Start of Block

lemma interval_integral_error:
  fixes w :: "real \<Rightarrow> real"
  assumes cont: "continuous_on {a..b} w" and ab: "a \<le> b"
    and close: "\<And>x. x \<in> {a..b} \<Longrightarrow> \<bar>w x - w b\<bar> \<le> e"
  shows "\<bar>(LINT x:{a..b}|lborel. w x) - (b - a) * w b\<bar> \<le> e * (b - a)"
proof -
  have int: "set_integrable lborel {a..b} f" if "continuous_on {a..b} f" for f :: "real \<Rightarrow> real"
    using borel_integrable_atLeastAtMost'[OF that] .
  have const: "(LINT x:{a..b}|lborel. c) = (b - a) * c" for c :: real
    using ab by (subst set_integral_const) auto
  have "(LINT x:{a..b}|lborel. w x) - (b - a) * w b = (LINT x:{a..b}|lborel. w x - w b)"
    using set_integral_diff(2)[OF int[OF cont] int[of "\<lambda>_. w b"]] by (simp add: const)
  also have "\<bar>\<dots>\<bar> \<le> (LINT x:{a..b}|lborel. \<bar>w x - w b\<bar>)"
    using set_integral_norm_bound[OF int] cont by (simp add: continuous_intros)
  also have "\<dots> \<le> (LINT x:{a..b}|lborel. e)"
    using cont close by (intro set_integral_mono int continuous_intros) auto
  also have "\<dots> = e * (b - a)"
    by (simp add: const)
  finally show ?thesis .
qed

text \<open>Uniform Riemann approximation of the cells  [(t-1)/m, t/m]  of [0,1]: once the mesh 1/m
  is below a modulus of uniform continuity of w, each cell integral is w(t/m)/m up to e/m.\<close>
lemma cell_integral_uniform_approx:
  fixes w :: "real \<Rightarrow> real"
  assumes cont: "continuous_on {0..1} w" and e: "0 < e"
  shows "\<exists>d>0. \<forall>m::nat. 1/d < real m \<longrightarrow> (\<forall>t\<in>{1..m}.
           \<bar>(LINT x:{(real t - 1) / m .. real t / m}|lborel. w x) - w (real t / m) / m\<bar> \<le> e / m)"
proof -
  obtain d where d: "0 < d"
    and uc: "\<And>x x'. x \<in> {0..1} \<Longrightarrow> x' \<in> {0..1} \<Longrightarrow> dist x' x < d \<Longrightarrow> dist (w x') (w x) < e"
    using uniformly_continuous_onE[OF compact_uniformly_continuous[OF cont compact_Icc] e] by blast
  have "\<bar>(LINT x:{(real t - 1) / m .. real t / m}|lborel. w x) - w (real t / m) / m\<bar> \<le> e / m"
    if mesh: "1/d < real m" and t: "t \<in> {1..m}" for m t
  proof -
    define a b where "a = (real t - 1) / m" and "b = real t / m"
    have "1 < d * real m"
      using mesh d by (simp add: field_simps)
    then have m: "0 < real m" "1 / real m < d"
      using d zero_less_mult_pos[of d "real m"] by (auto simp: field_simps)
    have ab: "a \<le> b" "b - a = 1 / m" "0 \<le> a" "b \<le> 1"
      using t m unfolding a_def b_def by (auto simp: divide_simps)
    have "\<bar>w x - w b\<bar> \<le> e" if "x \<in> {a..b}" for x
      using uc[of b x] that ab m by (auto simp: dist_real_def)
    with interval_integral_error[OF continuous_on_subset[OF cont] ab(1)] ab
    have "\<bar>(LINT x:{a..b}|lborel. w x) - (b - a) * w b\<bar> \<le> e * (b - a)"
      by auto
    then show ?thesis
      using ab(2) by (simp add: a_def b_def)
  qed
  with d show ?thesis by blast
qed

End of Block

Task. Scan the listing for the string "thesis", then copy every line where it appears.

Completed task.
  finally show ?thesis .
    then show ?thesis
  with d show ?thesis by blast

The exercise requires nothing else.